Including at least a compound having a repeating unit and a cellulose ester,
In-plane retardation (Re) at a wavelength of 590 nm is 10 nm or less,
The elastic modulus exceeds 3.5 GPa,
The compound having a repeating unit, a condensate of a polybasic acid and polyhydric alcohol, and meets the following conditions (1) to (6),
The ratio of the sound wave propagation velocity in the direction in which the sound wave propagation velocity is maximum and the direction orthogonal thereto (maximum direction / orthogonal direction in the maximum direction) is 1.10 or more,
An optical film having a thickness direction retardation (Rth) of -10 to 0 nm at a wavelength of 590 nm .
(1) The polybasic acid includes at least a polybasic acid having 5 or less carbon atoms.
(2) The polybasic acid has an average carbon number of 3 or more and less than 6.
(3) The polyhydric alcohol has an average carbon number of 2 or more and 3 or less.
(4) All repeating units composed of a combination of one kind of polybasic acid and one kind of polyhydric alcohol have 4 to 9 carbon atoms.
(5) Number average molecular weight is 800 or more and 5000 or less.

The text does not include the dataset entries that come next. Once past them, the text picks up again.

(* Let $\mu\ge0$ be an integer and let $\gamma\ge0$, $m\ge\gamma$ and $0\le\lambda\le\gamma$ be integers. Then the function $$\mathsf{M}^{(\mu)}_m(\lambda)=\frac{1}{2\pi^{3/2}}\frac{(4\lambda+4\mu+1)\Gamma(\lambda+\frac12)\Gamma(2\mu+\frac12)\Gamma(\lambda+\mu+\frac12)}{\Gamma(\lambda+\mu+1)\Gamma(\lambda+2\mu+1)}\cdot\frac{(2\mu+2m+1)\Gamma(m-\lambda+\frac12)\Gamma(m+\lambda+2\mu+1)}{\Gamma(m-\lambda+1)\Gamma(m+\lambda+2\mu+\frac32)}$$ is decreasing with respect to $m$. *)

theory Defs
  imports "HOL-Analysis.Analysis"
begin

definition Mfun :: "nat \<Rightarrow> nat \<Rightarrow> nat \<Rightarrow> real" where
  "Mfun mu m l =
     1 / (2 * pi powr (3/2)) *
     ((4 * real l + 4 * real mu + 1) * Gamma (real l + 1/2) * Gamma (2 * real mu + 1/2)
        * Gamma (real l + real mu + 1/2))
     / (Gamma (real l + real mu + 1) * Gamma (real l + 2 * real mu + 1)) *
     ((2 * real mu + 2 * real m + 1) * Gamma (real m - real l + 1/2)
        * Gamma (real m + real l + 2 * real mu + 1))
     / (Gamma (real m - real l + 1) * Gamma (real m + real l + 2 * real mu + 3/2))"

end

theory Submission
  imports Defs
begin

text \<open>Writing \<open>x = m - \<lambda> + 1/2\<close> and \<open>y = m + \<lambda> + 2\<mu> + 1\<close>, the \<open>m\<close>-dependent factor of
  \<open>Mfun \<mu> m \<lambda>\<close> is \<open>q x y = (x + y - 1/2) \<Gamma>(x) \<Gamma>(y) / (\<Gamma>(x + 1/2) \<Gamma>(y + 1/2))\<close>, and
  increasing \<open>m\<close> by one shifts both \<open>x\<close> and \<open>y\<close> by one. By the functional equation of \<open>\<Gamma>\<close>,
  \<open>q (x + 1) (y + 1) \<le> q x y\<close> reduces to a polynomial inequality whose defect is
  \<open>((x - y)\<^sup>2 - 1/4) / 2\<close>; it holds because \<open>y - x = 2\<lambda> + 2\<mu> + 1/2 \<ge> 1/2\<close>.\<close>

definition gamma_half_quotient :: "real \<Rightarrow> real \<Rightarrow> real" where
  "gamma_half_quotient x y =
     (x + y - 1/2) * Gamma x * Gamma y / (Gamma (x + 1/2) * Gamma (y + 1/2))"

lemma Gamma_plus1_pos:
  fixes x :: real
  assumes "x > 0"
  shows "Gamma (x + 1) = x * Gamma x"
  using assms by (intro Gamma_plus1) (auto elim!: nonpos_Ints_cases)

lemma half_separated_product_le:
  fixes x y :: real
  assumes "1/2 \<le> \<bar>x - y\<bar>"
  shows "(x + y + 3/2) * x * y \<le> (x + y - 1/2) * (x + 1/2) * (y + 1/2)"
proof -
  have "(1/2)\<^sup>2 \<le> \<bar>x - y\<bar>\<^sup>2"
    using assms by (intro power_mono) simp_all
  then have "1/4 \<le> (x - y)\<^sup>2"
    by (simp add: power2_eq_square)
  moreover have "(x + y - 1/2) * (x + 1/2) * (y + 1/2) - (x + y + 3/2) * x * y
      = ((x - y)\<^sup>2 - 1/4) / 2"
    by (simp add: field_simps power2_eq_square)
  ultimately show ?thesis by simp
qed

lemma gamma_half_quotient_shift1_le:
  fixes x y :: real
  assumes "x > 0" "y > 0" "1/2 \<le> \<bar>x - y\<bar>"
  shows "gamma_half_quotient (x + 1) (y + 1) \<le> gamma_half_quotient x y"
proof -
  define G where "G = Gamma x * Gamma y / (Gamma (x + 1/2) * Gamma (y + 1/2))"
  have "G \<ge> 0"
    using assms by (simp add: G_def)
  have "Gamma (x + 1) = x * Gamma x" "Gamma (y + 1) = y * Gamma y"
       "Gamma (x + 1 + 1/2) = (x + 1/2) * Gamma (x + 1/2)"
       "Gamma (y + 1 + 1/2) = (y + 1/2) * Gamma (y + 1/2)"
    using assms Gamma_plus1_pos[of x] Gamma_plus1_pos[of y]
      Gamma_plus1_pos[of "x + 1/2"] Gamma_plus1_pos[of "y + 1/2"]
    by (simp_all add: ac_simps)
  then have "gamma_half_quotient (x + 1) (y + 1)
      = (x + y + 3/2) * x * y / ((x + 1/2) * (y + 1/2)) * G"
    using assms by (simp only: gamma_half_quotient_def G_def) (simp add: field_simps)
  also have "\<dots> \<le> (x + y - 1/2) * G"
    using half_separated_product_le[OF assms(3)] assms \<open>G \<ge> 0\<close>
    by (intro mult_right_mono) (simp_all add: pos_divide_le_eq)
  also have "\<dots> = gamma_half_quotient x y"
    by (simp add: gamma_half_quotient_def G_def)
  finally show ?thesis .
qed

lemma gamma_half_quotient_shift_le:
  fixes x y :: real and n :: nat
  assumes "x > 0" "y > 0" "1/2 \<le> \<bar>x - y\<bar>"
  shows "gamma_half_quotient (x + n) (y + n) \<le> gamma_half_quotient x y"
proof (induction n)
  case 0
  then show ?case by simp
next
  case (Suc n)
  have "gamma_half_quotient (x + Suc n) (y + Suc n)
      = gamma_half_quotient (x + n + 1) (y + n + 1)"
    by (simp add: algebra_simps)
  also have "\<dots> \<le> gamma_half_quotient (x + n) (y + n)"
    using assms by (intro gamma_half_quotient_shift1_le) auto
  finally show ?case
    using Suc.IH by linarith
qed

definition Mfun_prefactor :: "nat \<Rightarrow> nat \<Rightarrow> real" where
  "Mfun_prefactor mu l =
     1 / (2 * pi powr (3/2)) *
     ((4 * real l + 4 * real mu + 1) * Gamma (real l + 1/2) * Gamma (2 * real mu + 1/2)
        * Gamma (real l + real mu + 1/2))
     / (Gamma (real l + real mu + 1) * Gamma (real l + 2 * real mu + 1))"

lemma Mfun_prefactor_nonneg: "Mfun_prefactor mu l \<ge> 0"
  unfolding Mfun_prefactor_def by (intro mult_nonneg_nonneg divide_nonneg_nonneg) auto

lemma Mfun_eq_gamma_half_quotient:
  "Mfun mu m l =
     Mfun_prefactor mu l *
     gamma_half_quotient (real m - real l + 1/2) (real m + real l + 2 * real mu + 1)"
proof -
  have "real m - real l + 1/2 + 1/2 = real m - real l + 1"
       "real m + real l + 2 * real mu + 1 + 1/2 = real m + real l + 2 * real mu + 3/2"
       "real m - real l + 1/2 + (real m + real l + 2 * real mu + 1) - 1/2
          = 2 * real mu + 2 * real m + 1"
    by simp_all
  then show ?thesis
    by (simp only: Mfun_def Mfun_prefactor_def gamma_half_quotient_def) (simp add: field_simps)
qed

theorem lemma5p5:
  fixes mu g l m m' :: nat
  assumes "l \<le> g" and "g \<le> m" and "m \<le> m'"
  shows "Mfun mu m' l \<le> Mfun mu m l"
proof -
  obtain n where m': "m' = m + n"
    using assms(3) le_Suc_ex by blast
  define x where "x = real m - real l + 1/2"
  define y where "y = real m + real l + 2 * real mu + 1"
  have "x > 0" "y > 0" "1/2 \<le> \<bar>x - y\<bar>"
    using assms by (simp_all add: x_def y_def)
  have shift: "real m' - real l + 1/2 = x + n" "real m' + real l + 2 * real mu + 1 = y + n"
    by (simp_all add: m' x_def y_def)
  show ?thesis
    unfolding Mfun_eq_gamma_half_quotient shift x_def [symmetric] y_def [symmetric]
    using gamma_half_quotient_shift_le[OF \<open>x > 0\<close> \<open>y > 0\<close> \<open>1/2 \<le> \<bar>x - y\<bar>\<close>]
    by (intro mult_left_mono Mfun_prefactor_nonneg)
qed

end
(* Let $\mathbf G$ be a finite oriented metric graph with Dirac operator data as in the context, let $\Lambda$ be a linear relation in the vertex space $\mathcal F$ and $\overline\Lambda=\{(\overline f,\overline{f'}):(f,f')\in\Lambda\}$ (componentwise complex conjugation). For a linear relation $\Theta$ in $\mathcal F$ let $D^{\Theta_W}$ be the restriction of $D^{max}$ to $\{\Phi\in\widetilde H^1(\mathbf G;\mathbb C^2):(W\Gamma^1\Phi,W\Gamma^2\Phi)\in\Theta\}$. Let $T:\mathscr H\to\mathscr H$ be the antilinear map $T\Phi=(\sigma_3\overline{\phi_j})_{j\in\mathcal J}$. Then $$TD^{\Lambda_W}=D^{\overline\Lambda_W}T.$$ In particular, $D^{\Lambda_W}$ and $D^{\overline\Lambda_W}$ are (antilinearly) similar.
   Context: Let $m\ge0$. A finite oriented metric graph $\mathbf G$ has a finite nonempty vertex set $\mathcal V$, finite sets $\mathcal I$ (internal) and $\mathcal E$ (external) of edges, $\mathcal J=\mathcal I\cup\mathcal E\ne\emptyset$, no loops. Each internal edge $i$ has initial vertex $\partial_-i$ and terminal vertex $\partial_+i$ and is identified with $I_i=(a_i,b_i)$, $a_i\leftrightarrow\partial_-i$, $b_i\leftrightarrow\partial_+i$. An external edge $e$ attached to a vertex is identified with $(a_e,+\infty)$ ($\rho(e)=-1$) or $(-\infty,b_e)$ ($\rho(e)=1$); $\partial e$ is the finite endpoint. $\mathscr H=\bigoplus_jL^2(I_j;\mathbb C^2)$, $\widetilde H^1(\mathbf G;\mathbb C^2)=\bigoplus_jH^1(I_j;\mathbb C^2)$, $\Phi=(\phi_j)_j$, $\phi_j=(\phi_j^1,\phi_j^2)^T$; $D^{max}$ acts edgewise by $-i\sigma_1\phi_j'+m\sigma_3\phi_j$ ($\sigma_1=\begin{pmatrix}0&1\\1&0\end{pmatrix}$, $\sigma_3=\operatorname{diag}(1,-1)$). $\mathcal G=\bigoplus_j\mathcal G_j$, $\mathcal G_i=\mathbb C^2$, $\mathcal G_e=\mathbb C$; $\Gamma^k=\bigoplus_j\Gamma^k_j$, $\Gamma^1_i\Phi=(\phi_i^1(a_i),\phi_i^1(b_i))^T$, $\Gamma^2_i\Phi=(i\phi_i^2(a_i),-i\phi_i^2(b_i))^T$, $\Gamma^1_e\Phi=\phi_e^1(\partial e)$, $\Gamma^2_e\Phi=-i\rho(e)\phi^2_e(\partial e)$. Vertex space $\mathcal F=\bigoplus_v\mathbb C^{\deg v}$. Coordinates of $\mathcal G$ and $\mathcal F$ are labelled by the pairs $(j,v)$, $v$ a vertex endpoint of $j$: in $\mathcal G$ ordered edge by edge (for internal edges the pair with the initial vertex first), in $\mathcal F$ vertex by vertex and within a vertex by the fixed edge order; $W:\mathcal G\to\mathcal F$ is the permutation matrix sending coordinate $(j,v)$ of $\mathcal G$ to coordinate $(j,v)$ of $\mathcal F$. *)

theory Defs
  imports "HOL-Analysis.Analysis"
begin
theorem theorem4p1:
  shows "\<exists>F :: tens filter. F \<noteq> bot \<and>
           (\<forall>\<^sub>F t in F. trep t \<and> teq (tflip t) t) \<and>
           (\<forall>a\<in>l1mat.
              ((\<lambda>t. pnorm (tdiff (lmod a t) (rmod t a))) \<longlongrightarrow> 0) F \<and>
              ((\<lambda>t. mnorm (\<lambda>p. mmult (tpi t) a p - a p)) \<longlongrightarrow> 0) F)"
proof (intro exI conjI ballI)
  let ?F = "filtermap diag_tens sequentially"
  show "?F \<noteq> bot" by (simp add: filtermap_bot_iff)
  show "\<forall>\<^sub>F t in ?F. trep t \<and> teq (tflip t) t"
    by (simp add: eventually_filtermap trep_finite_tens[OF finite_tens_diag_tens] teq_tflip_diag_tens)
  fix a assume a: "a \<in> l1mat"
  note tail = mnorm_tail_mat_tendsto_zero[OF a]
  show "((\<lambda>t. pnorm (tdiff (lmod a t) (rmod t a))) \<longlongrightarrow> 0) ?F"
    unfolding filterlim_filtermap
    by (rule tendsto_sandwich[OF _ _ tendsto_const tendsto_mult_right_zero[OF tail, of 2]])
      (simp_all add: pnorm_comm_diag_tens_le[OF a] pnorm_nonneg trep_comm_diag_tens[OF a])
  show "((\<lambda>t. mnorm (\<lambda>p. mmult (tpi t) a p - a p)) \<longlongrightarrow> 0) ?F"
    unfolding filterlim_filtermap
    by (rule tendsto_sandwich[OF _ _ tendsto_const tail])
      (simp_all add: mnorm_nonneg mnorm_tpi_diag_tens_mmult_diff_le[OF a])
qed

end
lemma ind_coeffs_euler_sum:
  fixes P :: "('v::{finite,linorder}, ('v, 'k::field_char_0) mpoly) dop"
  shows "finite (coeff_support (ind_coeffs P))"
    and "coeff_scale (single (const_mon (dop_order P)) 1) P = euler_sum (ind_coeffs P)"
proof -
  have spec_iff: "(finite {(v, u). c v u \<noteq> 0} \<and> (\<forall>v u. c v u \<noteq> 0 \<longrightarrow> tdeg u \<le> dop_order P) \<and>
      pmult (dop_xmon (const_mon (dop_order P))) P =
        (\<Sum>(v, u)\<in>{(v, u). c v u \<noteq> 0}. pmult (dop_xmon v) (Poly_Mapping.map (\<lambda>a. single 0 (c v u) * a) (delta_pow u))))
    \<longleftrightarrow> finite (coeff_support c) \<and> (\<forall>(v, u)\<in>coeff_support c. tdeg u \<le> dop_order P)
         \<and> coeff_scale (single (const_mon (dop_order P)) 1) P = euler_sum c" for c
    by (auto simp: dop_xmon_def mpd.dop_mult_const_left euler_term_def euler_sum_def coeff_support_def
                   coeff_scale_def[symmetric])
  obtain c where c: "finite (coeff_support c)" "\<forall>(v, u)\<in>coeff_support c. tdeg u \<le> dop_order P"
      "coeff_scale (single (const_mon (dop_order P)) 1) P = euler_sum c"
    using has_euler_expansion_xmon_mult[of P] unfolding has_euler_expansion_def by blast
  have "ind_coeffs P = c"
    unfolding ind_coeffs_def spec_iff by (rule the_equality) (use c in \<open>auto intro: euler_sum_inject\<close>)
  then show "finite (coeff_support (ind_coeffs P))"
    and "coeff_scale (single (const_mon (dop_order P)) 1) P = euler_sum (ind_coeffs P)"
    using c by simp_all
qed

subsection \<open>The indicial polynomial read off an expansion\<close>

definition ord_min :: "('a \<Rightarrow> 'a \<Rightarrow> bool) \<Rightarrow> 'a set \<Rightarrow> 'a" where
  "ord_min ord T = (THE v0. v0 \<in> T \<and> (\<forall>v\<in>T. v \<noteq> v0 \<longrightarrow> ord v0 v))"

lemma graded_term_order_trans: "graded_term_order ord \<Longrightarrow> ord a b \<Longrightarrow> ord b c \<Longrightarrow> ord a c"
  unfolding graded_term_order_def by blast

lemma graded_term_order_total: "graded_term_order ord \<Longrightarrow> a = b \<or> ord a b \<or> ord b a"
  unfolding graded_term_order_def by blast

lemma graded_term_order_add_left: "graded_term_order ord \<Longrightarrow> ord a b \<Longrightarrow> ord (c + a) (c + b)"
  unfolding graded_term_order_def by (metis add.commute)

lemma ord_min_eq:
  assumes "graded_term_order ord" "v0 \<in> T" "\<forall>v\<in>T. v \<noteq> v0 \<longrightarrow> ord v0 v"
  shows "ord_min ord T = v0"
  unfolding ord_min_def
proof (rule the_equality)
  fix w assume w: "w \<in> T \<and> (\<forall>v\<in>T. v \<noteq> w \<longrightarrow> ord w v)"
  show "w = v0"
  proof (rule ccontr)
    assume "w \<noteq> v0"
    then have "ord w v0" "ord v0 w" using w assms by auto
    then have "ord w w" by (rule graded_term_order_trans[OF assms(1)])
    then show False using assms(1) by (simp add: graded_term_order_def)
  qed
qed (use assms in blast)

(6) The hydroxyl value is less than 40 mgKOH / g. The compound having a Repetitive return units, optical film according to claim 1 containing 0.1 to 50 wt% with respect to the cellulose ester. The optical film according to claim 1 or 2, wherein a ratio of a sound wave propagation speed in a direction in which the sound wave propagation speed is maximum and a direction perpendicular thereto (maximum direction / direction orthogonal to the maximum direction) is 1.10 or more and 1.24 or less. .   4. The optical film according to claim 3, wherein the ratio of the sound wave propagation velocity in the direction in which the sound wave propagation velocity is maximum and the direction orthogonal thereto (maximum direction / orthogonal direction in the maximum direction) is 1.20 or more and 1.24 or less. Furthermore, the optical film of any one of Claims 1-4 containing the compound which improves the wet heat durability of a retardation. Furthermore, the optical film of any one of Claims 1-5 containing a humidity dependence reducing agent. Furthermore, the optical film of any one of Claims 1-6 containing a retardation regulator. The optical film according to any one of claims 1 to 7 including at least succinic acid as the polybasic acid. A roll-shaped optical film obtained by winding the optical film according to any one of claims 1 to 8 , and having an elastic modulus in a longitudinal direction exceeding 3.5 GPa. The roll-shaped optical film according to claim 9 , wherein the maximum direction of sound wave propagation speed is the longitudinal direction. The roll-shaped optical film according to claim 9 or 10 , wherein the length in the longitudinal direction is 100 to 16000 m. Optical film be unwound rolled optical film according to any one of claims 9-11. A polarizing plate comprising the optical film according to any one of claims 1 to 8 and 12 , and a polarizing film. The polarizing plate of Claim 13 arrange | positioned so that the absorption axis of the said polarizing film and the maximum direction of the sound wave propagation speed of the said optical film may become parallel. A liquid crystal display device comprising the optical film according to any one of claims 1 to 8 and 12 , or the polarizing plate according to claim 13 or 14 . It is a manufacturing method of the optical film of any one of Claims 1-8 and 12 ,
A method for producing an optical film, comprising at least the following steps (a), (b), and (c):
(A) a compound having a Repetitive return units, cellulose esters, and the solvent was removed the solvent from the solution the solution was cast on a step (b) the support casting on a support including at least Step of forming a film and stripping the film from the support (c) Step of stretching the film in the transport direction The method for producing an optical film according to claim 16 , wherein the stretching speed is 50 to 10,000% / min. The method for producing an optical film according to claim 16 or 17 expands the forward between 100% to 200% of the draw ratio along the conveying direction.